[Stored dataset items]
******************************

(* Let $Q\subset\mathrm{EX}(M)$ be a countable set of pairwise compatible extensions such that for each $(\alpha,U)\in Q$ the set $N_{(\alpha,U)}$ is a manifold with boundary. Then $Q(M)$ is a topological manifold with boundary.
   Context: Conventions: $M$ is an $n$-dimensional smooth manifold (Hausdorff, second countable) with maximal $C^\infty$ atlas $\mathcal{A}(M)$; every chart $\alpha$ has open domain $\mathrm{dom}(\alpha)\subset M$ and open range $\mathrm{ran}(\alpha)\subset\mathbb{R}^n$. For $A\subset\mathbb{R}^n$, $\partial A$ is its boundary in $\mathbb{R}^n$; for $A\subset U\subset\mathbb{R}^n$, $\partial_U A$ is the boundary of $A$ relative to $U$. A (topological) manifold with boundary is a second countable Hausdorff space locally homeomorphic to $\mathbb{R}^{n-1}\times[0,\infty)$. An admissible boundary point of $\alpha$ is a $p\in\partial\,\mathrm{ran}(\alpha)$ such that every sequence $(x_i)\subset\mathrm{dom}(\alpha)$ with $\alpha(x_i)\to p$ has no accumulation point in $M$; $B(\alpha)$ is the set of these. An extension is a pair $(\alpha,U)$, $U\subset\mathbb{R}^n$ open, $\mathrm{ran}(\alpha)\subset U$, $\emptyset\ne\partial_U\mathrm{ran}(\alpha)\subset B(\alpha)$; $\mathrm{EX}(M)$ is the set of extensions. A boundary set is $(\alpha,U,V)$ with $(\alpha,U)\in\mathrm{EX}(M)$, $V\subset B(\alpha)\cap U$ (a boundary point if $V=\{p\}$). $(\alpha,U,V)$ covers $(\beta,X,Y)$ if for every sequence $(y_i)\subset\mathrm{dom}(\beta)$ with $(\beta(y_i))$ having an accumulation point in $Y$ there is a subsequence $(v_i)\subset\mathrm{dom}(\alpha)$ of $(y_i)$ with $(\alpha(v_i))$ having an accumulation point in $V$; they are equivalent, $\equiv$, if each covers the other. Boundary points $(\alpha,U,\{p\})$, $(\beta,X,\{q\})$ are in contact if there is a sequence $(x_i)\subset\mathrm{dom}(\alpha)\cap\mathrm{dom}(\beta)$ with $\alpha(x_i)\to p$ and $\beta(x_i)\to q$. Extensions $(\alpha,U)$, $(\beta,X)$ are compatible if for all $p\in B(\alpha)\cap U$, $q\in B(\beta)\cap X$, being in contact implies $(\alpha,U,\{p\})\equiv(\beta,X,\{q\})$. Completion: for $Q\subset\mathrm{EX}(M)$ let $P=\{(\alpha,\mathrm{ran}(\alpha)):\alpha\in\mathcal{A}(M)\}$, $S_Q=P\cup Q$, $N_{(\alpha,U)}=\mathrm{ran}(\alpha)\cup\partial_U\mathrm{ran}(\alpha)$ with subspace topology of $\mathbb{R}^n$, $N_Q=\bigsqcup_{(\alpha,U)\in S_Q}N_{(\alpha,U)}$ with disjoint-union topology. Identify $x\in N_{(\alpha,U)}$ with $y\in N_{(\beta,X)}$ iff either $x\in\mathrm{ran}(\alpha)$, $y\in\mathrm{ran}(\beta)$, $\beta\circ\alpha^{-1}(x)=y$, or $x\in\partial_U\mathrm{ran}(\alpha)$, $y\in\partial_X\mathrm{ran}(\beta)$, $(\alpha,U,\{x\})\equiv(\beta,X,\{y\})$. $Q(M)$ is the quotient space with the quotient topology. *)

theory Defs
  imports "HOL-Analysis.Analysis"
begin
fun is_K_label :: "oplabel \<Rightarrow> bool" where
  "is_K_label OK = True"
| "is_K_label OKs = True"
| "is_K_label _ = False"

fun opval :: "nat \<Rightarrow> ('a::cinner_space \<Rightarrow> 'a) \<Rightarrow> ('a \<Rightarrow> 'a) \<Rightarrow> ('a \<Rightarrow> 'a) \<Rightarrow> ('a \<Rightarrow> 'a)
    \<Rightarrow> ('a \<Rightarrow> 'a) \<Rightarrow> ('a \<Rightarrow> 'a) \<Rightarrow> ('a \<Rightarrow> 'a) \<Rightarrow> ('a \<Rightarrow> 'a)
    \<Rightarrow> (nat \<Rightarrow> 'a \<Rightarrow> 'a) \<Rightarrow> (nat \<Rightarrow> 'a \<Rightarrow> 'a) \<Rightarrow> (nat \<Rightarrow> 'a \<Rightarrow> 'a) \<Rightarrow> (nat \<Rightarrow> 'a \<Rightarrow> 'a)
    \<Rightarrow> (nat \<Rightarrow> nat \<Rightarrow> 'a \<Rightarrow> 'a) \<Rightarrow> (nat \<Rightarrow> nat \<Rightarrow> 'a \<Rightarrow> 'a)
    \<Rightarrow> oplabel \<Rightarrow> (nat \<Rightarrow> 'a) \<Rightarrow> (nat \<Rightarrow> 'a)" where
  "opval n E11 E10 E01 E00 E11s E10s E01s E00s F G Fs Gs S Ss OK = Kop E11 E10 E01 E00"
| "opval n E11 E10 E01 E00 E11s E10s E01s E00s F G Fs Gs S Ss OKs = Kop E11s E01s E10s E00s"
| "opval n E11 E10 E01 E00 E11s E10s E01s E00s F G Fs Gs S Ss (OL i) = Lop (F i) (G i)"
| "opval n E11 E10 E01 E00 E11s E10s E01s E00s F G Fs Gs S Ss (OLs i) = Ldagop (Fs i) (Gs i)"
| "opval n E11 E10 E01 E00 E11s E10s E01s E00s F G Fs Gs S Ss (OM i) =
     (\<lambda>u. - (\<Sum>j\<in>{1..n}. lift (S i j) (Ldagop (Fs j) (Gs j) u)))"
| "opval n E11 E10 E01 E00 E11s E10s E01s E00s F G Fs Gs S Ss (OMs i) =
     (\<lambda>u. - (\<Sum>j\<in>{1..n}. Lop (F j) (G j) (lift (Ss i j) u)))"
| "opval n E11 E10 E01 E00 E11s E10s E01s E00s F G Fs Gs S Ss (ON i j) = lift (S i j)"
| "opval n E11 E10 E01 E00 E11s E10s E01s E00s F G Fs Gs S Ss (ONs i j) = lift (Ss i j)"
lemma gauss_binom_m1_product_step:
  "gauss_binom_m1 (n + 1 - a) b * gauss_binom_m1 (n + 2 - b) a
   = gauss_binom_m1 (n - b) a * gauss_binom_m1 (n + 1 - a) b
     + (if 2 \<le> a then gauss_binom_m1 (n - 1 - (a - 2)) b * gauss_binom_m1 (n - b) (a - 2) else 0)"
proof -
  consider "b \<le> n" | "b = n + 1" | "n + 1 < b" by linarith
  then show ?thesis
  proof cases
    case 1
    then have "n + 2 - b = (n - b) + 2" "2 \<le> a \<Longrightarrow> n - 1 - (a - 2) = n + 1 - a" by auto
    then show ?thesis using gauss_binom_m1_add2[of "n - b" a] by (simp add: algebra_simps)
  next
    case 2
    then show ?thesis
      by (cases "a = 0") (auto simp: gauss_binom_m1_eq_0)
  next
    case 3
    then show ?thesis by (simp add: gauss_binom_m1_eq_0)
  qed
qed

section \<open>Symmetric independent sets of a path\<close>

definition path_indep :: "nat \<Rightarrow> nat set \<Rightarrow> bool" where
  "path_indep n H \<longleftrightarrow> H \<subseteq> {..2*n} \<and> (\<forall>x\<in>H. Suc x \<notin> H)"

definition sym_indep :: "nat \<Rightarrow> nat set set" where
  "sym_indep n = {H. path_indep n H \<and> (\<forall>x\<in>H. 2*n - x \<in> H)}"

definition even_count :: "nat set \<Rightarrow> nat" where
  "even_count H = card {x\<in>H. even x}"

definition odd_count :: "nat set \<Rightarrow> nat" where
  "odd_count H = card {x\<in>H. odd x}"

definition parity_count :: "nat set set \<Rightarrow> nat \<Rightarrow> nat \<Rightarrow> nat" where
  "parity_count F a b = card {H\<in>F. even_count H = a \<and> odd_count H = b}"

definition add_ends :: "nat \<Rightarrow> nat set \<Rightarrow> nat set" where
  "add_ends n K = insert 0 (insert (2*n+2) (Suc ` K))"

lemma finite_sym_indep: "finite (sym_indep n)"
proof (rule finite_subset)
  show "sym_indep n \<subseteq> Pow {..2*n}"
    by (auto simp: sym_indep_def path_indep_def)
qed simp

lemma sym_indep_0: "sym_indep 0 = {{}, {0}}"
  by (auto simp: sym_indep_def path_indep_def)
(* Let $d\in\mathbb R$ with $d>2$ and let \[ \mathsf s_d=\frac4{d(d-2)}\Big(\frac{\Gamma\big(\frac{d+1}2\big)}{\sqrt\pi\,\Gamma\big(\frac d2\big)}\Big)^{2/d}. \] For every nonnegative smooth function $u$ on $[0,\infty)$ with compact support, writing $v=u^{\frac{d+2}{d-2}}$, \[ 0\le \mathsf s_d\Big(\int_0^\infty u^{\frac{2d}{d-2}}r^{d-1}dr\Big)^{1+\frac2d}-\int_0^\infty v\,\big((-\Delta)^{-1}v\big)\,r^{d-1}dr \] and \[ \mathsf s_d\Big(\int_0^\infty u^{\frac{2d}{d-2}}r^{d-1}dr\Big)^{1+\frac2d}-\int_0^\infty v\,\big((-\Delta)^{-1}v\big)\,r^{d-1}dr\le \mathsf c_d\Big(\int_0^\infty u^{\frac{2d}{d-2}}r^{d-1}dr\Big)^{\frac4d}\Big[\mathsf s_d\int_0^\infty|u'|^2r^{d-1}dr-\Big(\int_0^\infty u^{\frac{2d}{d-2}}r^{d-1}dr\Big)^{\frac{d-2}d}\Big] \] holds with $\mathsf c_d=\mathsf s_d$; in particular the optimal constant $\mathsf c_d$ in the second inequality satisfies $\mathsf c_d\le\mathsf s_d$.
   Context: For a function $v$ on $(0,\infty)$ and real $d>2$, $(-\Delta)^{-1}v$ denotes the function $w(r)=\int_r^\infty s^{1-d}\int_0^s v(t)\,t^{d-1}\,dt\,ds$, i.e. the solution of $w''+\frac{d-1}{r}w'+v=0$ decaying at infinity. *)

theory Defs
  imports "HOL-Analysis.Analysis"
begin

definition sd :: "real \<Rightarrow> real" where
  "sd d = 4 / (d * (d - 2)) * (Gamma ((d + 1) / 2) / (sqrt pi * Gamma (d / 2))) powr (2 / d)"

definition smooth_halfline :: "(real \<Rightarrow> real) \<Rightarrow> bool" where
  "smooth_halfline u \<longleftrightarrow>
     (\<exists>D :: nat \<Rightarrow> real \<Rightarrow> real. (\<forall>x\<ge>0. D 0 x = u x) \<and>
        (\<forall>n x. x \<ge> 0 \<longrightarrow> (D n has_real_derivative D (Suc n) x) (at x within {0..})))"

definition compact_support_halfline :: "(real \<Rightarrow> real) \<Rightarrow> bool" where
  "compact_support_halfline u \<longleftrightarrow> (\<exists>R. \<forall>r\<ge>R. u r = 0)"

definition inv_lap :: "real \<Rightarrow> (real \<Rightarrow> real) \<Rightarrow> real \<Rightarrow> real" where
  "inv_lap d v r = (LINT s:{r<..}|lborel. s powr (1 - d) * (LINT t:{0<..<s}|lborel. v t * t powr (d - 1)))"

end

theory Submission
  imports Defs
begin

******************************

## EXERCISE GOAL
The reply should consist solely of the lines above from the one that has "a * gauss_binom_m1" through the one that has "n H \<longleftrightarrow>", reproduced exactly.

## RESULT OF THE EXERCISE
   = gauss_binom_m1 (n - b) a * gauss_binom_m1 (n + 1 - a) b
     + (if 2 \<le> a then gauss_binom_m1 (n - 1 - (a - 2)) b * gauss_binom_m1 (n - b) (a - 2) else 0)"
proof -
  consider "b \<le> n" | "b = n + 1" | "n + 1 < b" by linarith
  then show ?thesis
  proof cases
    case 1
    then have "n + 2 - b = (n - b) + 2" "2 \<le> a \<Longrightarrow> n - 1 - (a - 2) = n + 1 - a" by auto
    then show ?thesis using gauss_binom_m1_add2[of "n - b" a] by (simp add: algebra_simps)
  next
    case 2
    then show ?thesis
      by (cases "a = 0") (auto simp: gauss_binom_m1_eq_0)
  next
    case 3
    then show ?thesis by (simp add: gauss_binom_m1_eq_0)
  qed
qed

section \<open>Symmetric independent sets of a path\<close>

definition path_indep :: "nat \<Rightarrow> nat set \<Rightarrow> bool" where
  "path_indep n H \<longleftrightarrow> H \<subseteq> {..2*n} \<and> (\<forall>x\<in>H. Suc x \<notin> H)"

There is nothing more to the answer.